What to produce. The data that follows is to be given again, exactly as written.

Input.
lemma rooted_tree_signed_forest:
  assumes "rooted_tree {0..n} r q"
  obtains p s where "is_forest n p" "s \<in> {1, -1 :: int}" "tree_edges (graft0 n p) = tree_edges q"
    "\<And>u. tree_fraction {0..n} q (ext0 n u) = of_int s * fF n p u"
    "\<And>\<epsilon>. C_eq (\<epsilon>, tree_edges q, r) (s * \<epsilon>, tree_edges q, 0)"
proof -
  obtain q0 s where q0: "rooted_tree {0..n} 0 q0" "tree_edges q0 = tree_edges q" "s \<in> {1, -1}"
    and frac: "\<And>e. (\<Sum>k\<in>{0..n}. e k) = 0 \<Longrightarrow>
      tree_fraction {0..n} q0 e = of_int s * tree_fraction {0..n} q e"
    and C: "\<And>\<epsilon>. C_eq (\<epsilon>, tree_edges q, r) (s * \<epsilon>, tree_edges q, 0)"
    by (erule reroot[OF assms, rotated]) simp
  obtain p where p: "is_forest n p" "graft0 n p = q0" using rooted_tree_0_eq_graft0[OF q0(1)] .
  show ?thesis
  proof (rule that[OF p(1) q0(3) _ _ C])
    show "tree_edges (graft0 n p) = tree_edges q" using p(2) q0(2) by simp
    show "tree_fraction {0..n} q (ext0 n u) = of_int s * fF n p u" for u
      using frac[OF ext0_sum] tree_fraction_graft0[OF p(1), of u] p(2) q0(3) by auto
  qed
qed

section \<open>Relabelling\<close>

definition relabel_tree :: "(nat \<Rightarrow> nat) \<Rightarrow> (nat \<Rightarrow> nat option) \<Rightarrow> nat \<Rightarrow> nat option" where
  "relabel_tree \<sigma> q x = map_option \<sigma> (q (inv \<sigma> x))"

context
  fixes \<sigma> :: "nat \<Rightarrow> nat"
  assumes bij: "bij \<sigma>"
begin

lemma relabel_tree_Some: "relabel_tree \<sigma> q x = Some y \<longleftrightarrow> q (inv \<sigma> x) = Some (inv \<sigma> y)"
  unfolding relabel_tree_def map_option_eq_Some
  by (metis bij bij_inv_eq_iff)

lemma relabel_tree_None: "relabel_tree \<sigma> q x = None \<longleftrightarrow> q (inv \<sigma> x) = None"
  by (simp add: relabel_tree_def)

lemma subtree_relabel_tree: "subtree (relabel_tree \<sigma> q) (\<sigma> j) = \<sigma> ` subtree q j"
proof (intro set_eqI iffI)
  fix k assume "k \<in> subtree (relabel_tree \<sigma> q) (\<sigma> j)"
  then have "(k, \<sigma> j) \<in> (par_rel (relabel_tree \<sigma> q))\<^sup>*" by (simp add: subtree_def)
  then have "(inv \<sigma> k, inv \<sigma> (\<sigma> j)) \<in> (par_rel q)\<^sup>*"
    by (rule rtrancl_map[where f = "inv \<sigma>"]) (simp add: relabel_tree_Some)
  moreover have "inv \<sigma> (\<sigma> j) = j" "k = \<sigma> (inv \<sigma> k)"
    using bij by (simp_all add: bij_is_inj bij_is_surj surj_f_inv_f)
  ultimately show "k \<in> \<sigma> ` subtree q j" by (auto simp: subtree_def)
next
  fix k assume "k \<in> \<sigma> ` subtree q j"
  then obtain k' where k': "k = \<sigma> k'" "(k', j) \<in> (par_rel q)\<^sup>*" by (auto simp: subtree_def)
  from k'(2) have "(\<sigma> k', \<sigma> j) \<in> (par_rel (relabel_tree \<sigma> q))\<^sup>*"
    by (rule rtrancl_map[where f = \<sigma>]) (simp add: relabel_tree_Some bij bij_is_inj)
  then show "k \<in> subtree (relabel_tree \<sigma> q) (\<sigma> j)" using k'(1) by (simp add: subtree_def)
qed

lemma rooted_tree_relabel_tree:
  assumes T: "rooted_tree V r q" and img: "\<sigma> ` V = V"
  shows "rooted_tree V (\<sigma> r) (relabel_tree \<sigma> q)"
proof -
  have inV: "inv \<sigma> x \<in> V \<longleftrightarrow> x \<in> V" for x
    using img bij by (metis bij_inv_eq_iff image_iff)
  have "acyclic (par_rel (relabel_tree \<sigma> q))"
  proof (rule acyclicI, intro allI notI)
    fix x assume "(x, x) \<in> (par_rel (relabel_tree \<sigma> q))\<^sup>+"
    then have "(inv \<sigma> x, inv \<sigma> x) \<in> (par_rel q)\<^sup>+"
      by (rule trancl_map[where f = "inv \<sigma>"]) (simp add: relabel_tree_Some)
    then show False using T unfolding rooted_tree_def acyclic_def by blast
  qed
  moreover have "relabel_tree \<sigma> q (\<sigma> r) = None"
    using T bij by (simp add: relabel_tree_None bij_is_inj rooted_tree_def)
  moreover have "\<sigma> r \<in> V" using T img by (auto simp: rooted_tree_def)
  moreover have "relabel_tree \<sigma> q x = None \<longleftrightarrow> x \<notin> V \<or> x = \<sigma> r" for x
    using T inV[of x] bij unfolding rooted_tree_def relabel_tree_None
    by (metis bij_inv_eq_iff)
  moreover have "y \<in> V" if "relabel_tree \<sigma> q x = Some y" for x y
    using that T inV[of y] unfolding rooted_tree_def relabel_tree_Some by blast
  ultimately show ?thesis
    using T unfolding rooted_tree_def by blast
qed

lemma tree_edges_relabel_tree: "tree_edges (relabel_tree \<sigma> q) = (\<lambda>ed. \<sigma> ` ed) ` tree_edges q"
proof (intro set_eqI iffI)
  fix x assume "x \<in> tree_edges (relabel_tree \<sigma> q)"
  then obtain j m where "x = {j, m}" "q (inv \<sigma> j) = Some (inv \<sigma> m)"
    unfolding tree_edges_def relabel_tree_Some by blast
  moreover have "{j, m} = \<sigma> ` {inv \<sigma> j, inv \<sigma> m}"
    using bij by (simp add: bij_is_surj surj_f_inv_f)
  ultimately show "x \<in> (\<lambda>ed. \<sigma> ` ed) ` tree_edges q" unfolding tree_edges_def by blast
next
  fix x assume "x \<in> (\<lambda>ed. \<sigma> ` ed) ` tree_edges q"
  then obtain j m where "x = {\<sigma> j, \<sigma> m}" "q j = Some m" unfolding tree_edges_def by auto
  moreover have "relabel_tree \<sigma> q (\<sigma> j) = Some (\<sigma> m)"
    using calculation(2) bij by (simp add: relabel_tree_Some bij_is_inj)
  ultimately show "x \<in> tree_edges (relabel_tree \<sigma> q)" unfolding tree_edges_def by blast
qed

Reply to the exercise.
lemma rooted_tree_signed_forest:
  assumes "rooted_tree {0..n} r q"
  obtains p s where "is_forest n p" "s \<in> {1, -1 :: int}" "tree_edges (graft0 n p) = tree_edges q"
    "\<And>u. tree_fraction {0..n} q (ext0 n u) = of_int s * fF n p u"
    "\<And>\<epsilon>. C_eq (\<epsilon>, tree_edges q, r) (s * \<epsilon>, tree_edges q, 0)"
proof -
  obtain q0 s where q0: "rooted_tree {0..n} 0 q0" "tree_edges q0 = tree_edges q" "s \<in> {1, -1}"
    and frac: "\<And>e. (\<Sum>k\<in>{0..n}. e k) = 0 \<Longrightarrow>
      tree_fraction {0..n} q0 e = of_int s * tree_fraction {0..n} q e"
    and C: "\<And>\<epsilon>. C_eq (\<epsilon>, tree_edges q, r) (s * \<epsilon>, tree_edges q, 0)"
    by (erule reroot[OF assms, rotated]) simp
  obtain p where p: "is_forest n p" "graft0 n p = q0" using rooted_tree_0_eq_graft0[OF q0(1)] .
  show ?thesis
  proof (rule that[OF p(1) q0(3) _ _ C])
    show "tree_edges (graft0 n p) = tree_edges q" using p(2) q0(2) by simp
    show "tree_fraction {0..n} q (ext0 n u) = of_int s * fF n p u" for u
      using frac[OF ext0_sum] tree_fraction_graft0[OF p(1), of u] p(2) q0(3) by auto
  qed
qed

section \<open>Relabelling\<close>

definition relabel_tree :: "(nat \<Rightarrow> nat) \<Rightarrow> (nat \<Rightarrow> nat option) \<Rightarrow> nat \<Rightarrow> nat option" where
  "relabel_tree \<sigma> q x = map_option \<sigma> (q (inv \<sigma> x))"

context
  fixes \<sigma> :: "nat \<Rightarrow> nat"
  assumes bij: "bij \<sigma>"
begin

lemma relabel_tree_Some: "relabel_tree \<sigma> q x = Some y \<longleftrightarrow> q (inv \<sigma> x) = Some (inv \<sigma> y)"
  unfolding relabel_tree_def map_option_eq_Some
  by (metis bij bij_inv_eq_iff)

lemma relabel_tree_None: "relabel_tree \<sigma> q x = None \<longleftrightarrow> q (inv \<sigma> x) = None"
  by (simp add: relabel_tree_def)

lemma subtree_relabel_tree: "subtree (relabel_tree \<sigma> q) (\<sigma> j) = \<sigma> ` subtree q j"
proof (intro set_eqI iffI)
  fix k assume "k \<in> subtree (relabel_tree \<sigma> q) (\<sigma> j)"
  then have "(k, \<sigma> j) \<in> (par_rel (relabel_tree \<sigma> q))\<^sup>*" by (simp add: subtree_def)
  then have "(inv \<sigma> k, inv \<sigma> (\<sigma> j)) \<in> (par_rel q)\<^sup>*"
    by (rule rtrancl_map[where f = "inv \<sigma>"]) (simp add: relabel_tree_Some)
  moreover have "inv \<sigma> (\<sigma> j) = j" "k = \<sigma> (inv \<sigma> k)"
    using bij by (simp_all add: bij_is_inj bij_is_surj surj_f_inv_f)
  ultimately show "k \<in> \<sigma> ` subtree q j" by (auto simp: subtree_def)
next
  fix k assume "k \<in> \<sigma> ` subtree q j"
  then obtain k' where k': "k = \<sigma> k'" "(k', j) \<in> (par_rel q)\<^sup>*" by (auto simp: subtree_def)
  from k'(2) have "(\<sigma> k', \<sigma> j) \<in> (par_rel (relabel_tree \<sigma> q))\<^sup>*"
    by (rule rtrancl_map[where f = \<sigma>]) (simp add: relabel_tree_Some bij bij_is_inj)
  then show "k \<in> subtree (relabel_tree \<sigma> q) (\<sigma> j)" using k'(1) by (simp add: subtree_def)
qed

lemma rooted_tree_relabel_tree:
  assumes T: "rooted_tree V r q" and img: "\<sigma> ` V = V"
  shows "rooted_tree V (\<sigma> r) (relabel_tree \<sigma> q)"
proof -
  have inV: "inv \<sigma> x \<in> V \<longleftrightarrow> x \<in> V" for x
    using img bij by (metis bij_inv_eq_iff image_iff)
  have "acyclic (par_rel (relabel_tree \<sigma> q))"
  proof (rule acyclicI, intro allI notI)
    fix x assume "(x, x) \<in> (par_rel (relabel_tree \<sigma> q))\<^sup>+"
    then have "(inv \<sigma> x, inv \<sigma> x) \<in> (par_rel q)\<^sup>+"
      by (rule trancl_map[where f = "inv \<sigma>"]) (simp add: relabel_tree_Some)
    then show False using T unfolding rooted_tree_def acyclic_def by blast
  qed
  moreover have "relabel_tree \<sigma> q (\<sigma> r) = None"
    using T bij by (simp add: relabel_tree_None bij_is_inj rooted_tree_def)
  moreover have "\<sigma> r \<in> V" using T img by (auto simp: rooted_tree_def)
  moreover have "relabel_tree \<sigma> q x = None \<longleftrightarrow> x \<notin> V \<or> x = \<sigma> r" for x
    using T inV[of x] bij unfolding rooted_tree_def relabel_tree_None
    by (metis bij_inv_eq_iff)
  moreover have "y \<in> V" if "relabel_tree \<sigma> q x = Some y" for x y
    using that T inV[of y] unfolding rooted_tree_def relabel_tree_Some by blast
  ultimately show ?thesis
    using T unfolding rooted_tree_def by blast
qed

lemma tree_edges_relabel_tree: "tree_edges (relabel_tree \<sigma> q) = (\<lambda>ed. \<sigma> ` ed) ` tree_edges q"
proof (intro set_eqI iffI)
  fix x assume "x \<in> tree_edges (relabel_tree \<sigma> q)"
  then obtain j m where "x = {j, m}" "q (inv \<sigma> j) = Some (inv \<sigma> m)"
    unfolding tree_edges_def relabel_tree_Some by blast
  moreover have "{j, m} = \<sigma> ` {inv \<sigma> j, inv \<sigma> m}"
    using bij by (simp add: bij_is_surj surj_f_inv_f)
  ultimately show "x \<in> (\<lambda>ed. \<sigma> ` ed) ` tree_edges q" unfolding tree_edges_def by blast
next
  fix x assume "x \<in> (\<lambda>ed. \<sigma> ` ed) ` tree_edges q"
  then obtain j m where "x = {\<sigma> j, \<sigma> m}" "q j = Some m" unfolding tree_edges_def by auto
  moreover have "relabel_tree \<sigma> q (\<sigma> j) = Some (\<sigma> m)"
    using calculation(2) bij by (simp add: relabel_tree_Some bij_is_inj)
  ultimately show "x \<in> tree_edges (relabel_tree \<sigma> q)" unfolding tree_edges_def by blast
qed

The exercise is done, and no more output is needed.